Applying this analogy to our banking transactions, when the banking system receives an instruction, it needs to verify that the instruction was in fact submitted by us.
Now, because we are banking prodigies, we already know that before we can submit an instruction, we have to first login to the system.
And, absolutely, this is one of the methods to provide Authentication.

When we login to the bank’s website, the system generates a session key and provides it to the client application, which would be the browser that we are using. After this, every transaction between the browser and the banking system is encrypted using this key.
So, now the transactions are all, encrypted, verifiable, and authenticated.

Cannot be any better! or is it?
No suspense in that, because we still have one more aspect to be revealed!

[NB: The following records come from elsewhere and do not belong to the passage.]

lemma word_perm_facelet_sticker:
  "word_perm w (facelet_sticker c) = facelet_sticker (word_facelet w c)"
  by (induction w) (simp_all add: G3_one_apply G3_mult_apply word_perm_in_G3 turn_move_in_G3
      face_move_facelet_sticker)

lemma G3_twist: "g \<in> carrier G3 \<Longrightarrow> s \<in> stickers3 \<Longrightarrow> g (twist s) = twist (g s)"
proof (induction arbitrary: s rule: G3_induct)
  case one
  then show ?case by (simp add: G3_one_apply twist_in_stickers3)
next
  case (turn t)
  then show ?case by (rule face_move_twist)
next
  case (mult x y)
  then show ?case by (simp add: G3_mult_apply twist_in_stickers3 G3_apply_in_stickers3)
qed

lemma G3_same_cubelet:
  assumes "g \<in> carrier G3" "s \<in> stickers3" "t \<in> stickers3" "fst t = fst s"
  shows "fst (g t) = fst (g s)"
proof -
  have "t \<in> {s, twist s, twist (twist s)}" using same_cubelet_twist assms(2-4) by blast
  moreover have "g (twist s) = twist (g s)" "g (twist (twist s)) = twist (twist (g s))"
    using G3_twist[OF assms(1)] assms(2) twist_in_stickers3 by simp_all
  ultimately have "g t \<in> {g s, twist (g s), twist (twist (g s))}" by auto
  then show ?thesis by auto
qed

lemma G3_edge_iff:
  assumes "g \<in> carrier G3" "s \<in> stickers3"
  shows "fst (g s) \<in> edge_pos \<longleftrightarrow> fst s \<in> edge_pos"
proof -
  have gs: "g s \<in> stickers3" and tts: "twist (twist s) \<in> stickers3"
    using assms G3_apply_in_stickers3 twist_in_stickers3 by blast+
  have "twist (twist (g s)) = g (twist (twist s))"
    using assms twist_in_stickers3 by (simp add: G3_twist)
  then have "twist (twist (g s)) = g s \<longleftrightarrow> twist (twist s) = s"
    using G3_inj[OF assms(1) tts assms(2)] by auto
  then show ?thesis using twist_twist_eq_iff gs assms(2) by simp
qed

lemma G3_corner_iff:
  "g \<in> carrier G3 \<Longrightarrow> s \<in> stickers3 \<Longrightarrow> fst (g s) \<in> corner_pos \<longleftrightarrow> fst s \<in> corner_pos"
  using G3_edge_iff sticker_position G3_apply_in_stickers3 by metis
lemma obj_size_le_dist:
  fixes X :: "(real^'n) set"
  assumes "compact X" "X \<noteq> {}"
  obtains x y where "x \<in> X" "y \<in> X" "obj_size X \<le> dist x y"
proof -
  have "obj_size X \<in> range (\<lambda>i. (SUP x\<in>X. x $ i) - (INF x\<in>X. x $ i))"
    unfolding obj_size_def by (rule Max_in) auto
  then obtain i where i: "obj_size X = (SUP x\<in>X. x $ i) - (INF x\<in>X. x $ i)"
    by (rule rangeE)
  have c: "compact ((\<lambda>x. x $ i) ` X)"
    by (rule compact_continuous_image[OF _ assms(1)]) (intro continuous_intros)
  obtain x where x: "x \<in> X" "\<And>z. z \<in> X \<Longrightarrow> z $ i \<le> x $ i"
    using compact_attains_sup[OF c] assms(2) by blast
  obtain y where y: "y \<in> X" "\<And>z. z \<in> X \<Longrightarrow> y $ i \<le> z $ i"
    using compact_attains_inf[OF c] assms(2) by blast
  have "(SUP x\<in>X. x $ i) \<le> x $ i" "y $ i \<le> (INF x\<in>X. x $ i)"
    using x y assms(2) by (auto intro: cSUP_least cINF_greatest)
  then have "obj_size X \<le> \<bar>(x - y) $ i\<bar>" using i by simp
  also have "\<dots> \<le> dist x y"
    unfolding dist_norm by (rule component_le_norm_cart)
  finally show thesis using that x(1) y(1) by blast
qed
lemma meet_join_chain_at_top:
  assumes "leqV \<alpha> a s" "a m = s m" "\<And>i. a i \<noteq> 0 \<Longrightarrow> r i \<le> r m"
  shows "(\<lambda>i. meet0 \<alpha> (a i) (chain (r m) i)) = a(m := 0)"
    and "(\<lambda>i. joinD \<alpha> c (a i) (chain (r m) i)) = chain (Suc (r m))"
proof -
  have below: "r i < r m" if "a i \<noteq> 0" "i \<noteq> m" for i
    using assms(3)[OF that(1)] inj_rank that(2) by (metis injD order_le_neq_trans)
  have "meet0 \<alpha> (a i) (chain (r m) i) = (a(m := 0)) i
      \<and> joinD \<alpha> c (a i) (chain (r m) i) = chain (Suc (r m)) i" for i
  proof -
    have a_i: "a i \<in> {0, s i}" and chain_i: "chain (r m) i \<in> {0, s i}"
      using assms(1) chain_leqV_sign by (auto simp: leqV_sign_iff)
    have "i \<noteq> m \<Longrightarrow> r i \<noteq> r m"
      using inj_rank by (auto dest: injD)
    then show ?thesis
      using meet0_joinD_below_sign[OF alpha_pos sign_cases a_i chain_i] below[of i]
        sign_nonzero[of i] assms(2) a_i
      by (cases "i = m") (auto simp: chain_def)
  qed
  then show "(\<lambda>i. meet0 \<alpha> (a i) (chain (r m) i)) = a(m := 0)"
    and "(\<lambda>i. joinD \<alpha> c (a i) (chain (r m) i)) = chain (Suc (r m))"
    by auto
qed

lemma bisubmodular_nonneg_below_sign:
  assumes g: "bisubmodular \<alpha> g" and g_chain: "\<And>k. k \<le> N \<Longrightarrow> g (chain k) = 0"
    and "leqV \<alpha> a s"
  shows "0 \<le> g a"
  using assms(3)
proof (induction "card {i. a i \<noteq> 0}" arbitrary: a)
  case 0
  then have "a = chain 0" by (simp add: chain_0 fun_eq_iff)
  then show ?case using g_chain by simp
next
  case (Suc n)
  define S where "S = {i. a i \<noteq> 0}"
  have "S \<noteq> {}" using Suc.hyps(2) unfolding S_def by (metis card.empty nat.distinct(1))
  then have "Max (r ` S) \<in> r ` S"
    by (intro Max_in) auto
  then obtain m where m: "m \<in> S" "r m = Max (r ` S)"
    by auto
  have top: "r i \<le> r m" if "a i \<noteq> 0" for i
    using that m(2) by (simp add: S_def)
  have am: "a m = s m"
    using Suc.prems m(1) by (auto simp: leqV_sign_iff S_def)
  have "{i. (a(m := 0)) i \<noteq> 0} = S - {m}"
    by (auto simp: S_def)
  then have "card {i. (a(m := 0)) i \<noteq> 0} = n"
    using Suc.hyps(2) m(1) by (simp add: S_def)
  moreover have "leqV \<alpha> (a(m := 0)) s"
    using Suc.prems by (simp add: leqV_sign_iff)
  ultimately have "0 \<le> g (a(m := 0))"
    using Suc.hyps(1) by blast
  moreover have "g (\<lambda>i. meet0 \<alpha> (a i) (chain (r m) i))
      + \<alpha> * g (\<lambda>i. joinD \<alpha> 0 (a i) (chain (r m) i))
      + (1 - \<alpha>) * g (\<lambda>i. joinD \<alpha> 1 (a i) (chain (r m) i)) \<le> g a + g (chain (r m))"
    using g leqV_sign_DD[OF Suc.prems] chain_DD unfolding bisubmodular_def by blast
  moreover have "Suc (r m) \<le> N"
    using rank_less[of m] by simp
  ultimately show ?case
    using g_chain by (simp add: meet_join_chain_at_top[OF Suc.prems am top])
qed

lemma bisubmodular_nonneg:
  assumes g: "bisubmodular \<alpha> g" and g_chain: "\<And>k. k \<le> N \<Longrightarrow> g (chain k) = 0"
    and a: "a \<in> DD \<alpha>"
  shows "0 \<le> g a"
proof -
  have g_s: "g s = 0"
    using g_chain[of N] chain_N by simp
  have below_s: "0 \<le> g (\<lambda>i. meet0 \<alpha> (b i) (s i))" "0 \<le> g (\<lambda>i. joinD \<alpha> 0 (b i) (s i))"
    if "b \<in> DD \<alpha>" for b
    using that meet0_joinD_with_sign(1,2)[OF alpha_pos _ sign_cases]
    by (auto simp: DD_def leqV_sign_iff intro!: bisubmodular_nonneg_below_sign[OF g g_chain])
  \<comment> \<open>\<open>z = a \<or>\<^sub>1 s\<close> is absorbed by \<open>\<or>\<^sub>1 s\<close>, so bisubmodularity on \<open>(z, s)\<close> bounds \<open>\<alpha> g z\<close> from below.\<close>
  define z where "z i = joinD \<alpha> 1 (a i) (s i)" for i
  have z: "z \<in> DD \<alpha>" "(\<lambda>i. joinD \<alpha> 1 (z i) (s i)) = z"
    using a meet0_joinD_with_sign(3,4)[OF alpha_pos _ sign_cases] by (auto simp: z_def DD_def)
  have "g (\<lambda>i. meet0 \<alpha> (z i) (s i)) + \<alpha> * g (\<lambda>i. joinD \<alpha> 0 (z i) (s i)) + (1 - \<alpha>) * g z
      \<le> g z + g s"
    using g z chain_DD[of N] chain_N unfolding bisubmodular_def by metis
  then have "g (\<lambda>i. meet0 \<alpha> (z i) (s i)) + \<alpha> * g (\<lambda>i. joinD \<alpha> 0 (z i) (s i)) \<le> \<alpha> * g z"
    using g_s by (simp add: algebra_simps)
  then have "0 \<le> \<alpha> * g z"
    using below_s[OF z(1)] alpha_pos by (smt (verit) mult_nonneg_nonneg)
  then have "0 \<le> (1 - \<alpha>) * g z"
    using alpha_pos alpha_le_1 by (simp add: zero_le_mult_iff)
  moreover have "g (\<lambda>i. meet0 \<alpha> (a i) (s i)) + \<alpha> * g (\<lambda>i. joinD \<alpha> 0 (a i) (s i))
      + (1 - \<alpha>) * g z \<le> g a + g s"
    using g a chain_DD[of N] chain_N unfolding bisubmodular_def z_def by metis
  ultimately show ?thesis
    using below_s[OF a] alpha_pos g_s by (smt (verit) mult_nonneg_nonneg)
qed

lemma bisubmodular_ge_chain_interpolant:
  assumes "bisubmodular \<alpha> f" "a \<in> DD \<alpha>"
  shows "f (chain 0) + (\<Sum>i\<in>UNIV. slope f i * a i) \<le> f a"
proof -
  let ?g = "\<lambda>a. f a - (f (chain 0) + (\<Sum>i\<in>UNIV. slope f i * a i))"
  have "0 \<le> ?g a"
  proof (rule bisubmodular_nonneg[where g = ?g])
    show "bisubmodular \<alpha> ?g"
      by (rule bisubmodular_minus_affine[OF alpha_pos assms(1)])
    show "?g (chain k) = 0" if "k \<le> N" for k
      using chain_interpolant[OF that] by simp
  qed (rule assms(2))
  then show ?thesis by simp
qed

end

definition sign_vec :: "real \<Rightarrow> ('n \<Rightarrow> real) \<Rightarrow> 'n \<Rightarrow> real" where
  "sign_vec \<alpha> x i = (if 0 \<le> x i then 1 else -\<alpha>)"

definition level :: "real \<Rightarrow> ('n \<Rightarrow> real) \<Rightarrow> 'n \<Rightarrow> real" where
  "level \<alpha> x i = x i / sign_vec \<alpha> x i"

lemma sign_vec_cases: "sign_vec \<alpha> x i = 1 \<or> sign_vec \<alpha> x i = -\<alpha>"
  by (simp add: sign_vec_def)

locale lovasz_chain = signed_chain \<alpha> "sign_vec \<alpha> x" r N
  for \<alpha> :: real and x :: "'n::finite \<Rightarrow> real" and r N +
  assumes x_bounds: "\<And>i. -\<alpha> \<le> x i \<and> x i \<le> 1"
    and rank_antimono: "\<And>i j. level \<alpha> x j < level \<alpha> x i \<Longrightarrow> r i < r j"
begin

abbreviation s :: "'n \<Rightarrow> real" where "s \<equiv> sign_vec \<alpha> x"

definition sorted_level :: "nat \<Rightarrow> real" where
  "sorted_level k = (if k = 0 then 1 else if k \<le> N then level \<alpha> x (rank_inv (k - 1)) else 0)"

definition chain_weight :: "nat \<Rightarrow> real" where
  "chain_weight k = sorted_level k - sorted_level (Suc k)"

definition chain_dist :: "('n \<Rightarrow> real) \<Rightarrow> real" where
  "chain_dist a = (\<Sum>k\<le>N. if chain k = a then chain_weight k else 0)"

lemma level_bounds: "0 \<le> level \<alpha> x i" "level \<alpha> x i \<le> 1"
  using x_bounds[of i] alpha_pos by (auto simp: level_def sign_vec_def field_simps)

lemma sign_times_level: "x i = s i * level \<alpha> x i"
  using sign_nonzero[of i] by (simp add: level_def)

lemma sorted_level_0: "sorted_level 0 = 1"
  by (simp add: sorted_level_def)

lemma sorted_level_Suc_N: "sorted_level (Suc N) = 0"
  by (simp add: sorted_level_def)

lemma sorted_level_Suc_rank: "sorted_level (Suc (r i)) = level \<alpha> x i"
  using rank_less[of i] by (simp add: sorted_level_def rank_inv_rank)

lemma sorted_level_Suc_le: "sorted_level (Suc k) \<le> sorted_level k"
proof -
  consider "k = 0" | "0 < k" "k < N" | "N \<le> k" by linarith
  then show ?thesis
  proof cases
    case 2
    have "\<not> level \<alpha> x (rank_inv (k - 1)) < level \<alpha> x (rank_inv k)"
      using rank_antimono[of "rank_inv (k - 1)" "rank_inv k"] rank_rank_inv 2 by fastforce
    with 2 show ?thesis by (simp add: sorted_level_def)
  qed (use level_bounds in \<open>auto simp: sorted_level_def\<close>)
qed

lemma chain_weight_nonneg: "0 \<le> chain_weight k"
  using sorted_level_Suc_le by (simp add: chain_weight_def)

lemma sum_chain_weight_from:
  "m \<le> Suc N \<Longrightarrow> (\<Sum>k\<in>{m..N}. chain_weight k) = sorted_level m"
  using sum_Suc_diff[of m N "\<lambda>k. - sorted_level k"]
  by (simp add: chain_weight_def sorted_level_Suc_N)

lemma sum_chain_weight: "(\<Sum>k\<le>N. chain_weight k) = 1"
  using sum_chain_weight_from[of 0] by (simp add: atLeast0AtMost sorted_level_0)

lemma chain_dist_chain: "k \<le> N \<Longrightarrow> chain_dist (chain k) = chain_weight k"
  unfolding chain_dist_def using inj_on_chain
  by (simp add: inj_on_eq_iff[OF inj_on_chain] cong: if_cong)

lemma chain_dist_outside: "a \<notin> chain ` {..N} \<Longrightarrow> chain_dist a = 0"
  unfolding chain_dist_def by (rule sum.neutral) auto

lemma chain_dist_Pdist: "chain_dist \<in> Pdist \<alpha> x"
proof -
  have outside: "\<And>a. a \<notin> chain ` {..N} \<Longrightarrow> chain_dist a = 0"
    by (rule chain_dist_outside)
  have "0 \<le> chain_dist a" "chain_dist a \<le> 1" for a
  proof -
    show "0 \<le> chain_dist a"
      unfolding chain_dist_def by (rule sum_nonneg) (simp add: chain_weight_nonneg)
    have "chain_dist a \<le> (\<Sum>k\<le>N. chain_weight k)"
      unfolding chain_dist_def by (rule sum_mono) (simp add: chain_weight_nonneg)
    then show "chain_dist a \<le> 1" by (simp add: sum_chain_weight)
  qed
  moreover have "a \<notin> DD \<alpha> \<Longrightarrow> chain_dist a = 0" for a
    using outside chain_DD by (metis imageE)
  moreover have "(\<Sum>a\<in>DD \<alpha>. chain_dist a) = 1"
    using sum_over_chain[where p = chain_dist and F = "\<lambda>_. 1", OF outside] by (simp add: chain_dist_chain sum_chain_weight)
  moreover have "(\<Sum>a\<in>DD \<alpha>. chain_dist a * a i) = x i" for i
  proof -
    have "(\<Sum>a\<in>DD \<alpha>. chain_dist a * a i) = (\<Sum>k\<le>N. chain_weight k * chain k i)"
      using sum_over_chain[where p = chain_dist and F = "\<lambda>a. a i", OF outside] by (simp add: chain_dist_chain)
    also have "\<dots> = x i"
      using rank_less[of i] by (simp add: sum_chain_coordinate sum_chain_weight_from
          sorted_level_Suc_rank sign_times_level)
    finally show ?thesis .
  qed
  ultimately show ?thesis by (simp add: Pdist_def)
qed

lemma chain_support_chain_dist: "chain_support \<alpha> chain_dist"
  unfolding chain_support_def
proof (intro ballI impI)
  fix a b assume "chain_dist a \<noteq> 0" "chain_dist b \<noteq> 0"
  then obtain k k' where "a = chain k" "b = chain k'"
    using chain_dist_outside by blast
  then show "leqV \<alpha> a b \<or> leqV \<alpha> b a"
    using chain_mono nat_le_linear by metis
qed

context
  fixes p :: "('n \<Rightarrow> real) \<Rightarrow> real"
  assumes p_Pdist: "p \<in> Pdist \<alpha> x" and p_chain: "chain_support \<alpha> p"
begin

lemma support_coordinate:
  assumes "a \<in> DD \<alpha>" "p a \<noteq> 0" "a i \<noteq> 0" "b \<in> DD \<alpha>" "p b \<noteq> 0"
  shows "b i \<in> {0, a i}"
proof -
  have "leqV \<alpha> a b \<or> leqV \<alpha> b a"
    using p_chain assms unfolding chain_support_def by blast
  then have "leqD \<alpha> (a i) (b i) \<or> leqD \<alpha> (b i) (a i)"
    by (auto simp: leqV_def)
  then show ?thesis
    using assms(3) by (auto simp: leqD_def)
qed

So, let’s say that the banking system receives a request from Charlie to transfer $100 to Bob.
The banking system runs all the tests for confidentiality, integrity, and authenticity, and makes sure that the message is real, and promptly executes the transaction.
Next day, Charlie visits the bank and starts complaining about the transfer and states that he had never requested any such transfer!

To handle such a situation, we should introduce Non-repudiation.



Non-repudiation:

The creator of the message cannot deny the ownership of the message, and refute his/her intention in the creation or transmission of the message.

Authentication and non-repudiation, are closely related, but still different.

Traditionally, in the world on pen and paper, the authenticity of a document is achieved using “signatures”, and proper analysis of a signature could also give enough evidence for non-repudiation. There are also other means such as notarization, and presentation of photo id.

But, in the digital world, we cannot use a physical signature. Anyone could copy/paste the signature and try to forge documents. After all copy/paste is the first thing we learn to do on computers!

Non-repudiation can be achieved by combining  Integrity and Authentication
One such way is public key infrastructure, which uses digital signatures and digital certificates for verifying the origin of the message.

So concluding, Confidentiality, Integrity, Authentication, and Non-repudiation form the basis of cryptography and can be used as a grading system for evaluating the strength of a cryptographic system.

In future articles, we would look into each of these aspects in detail.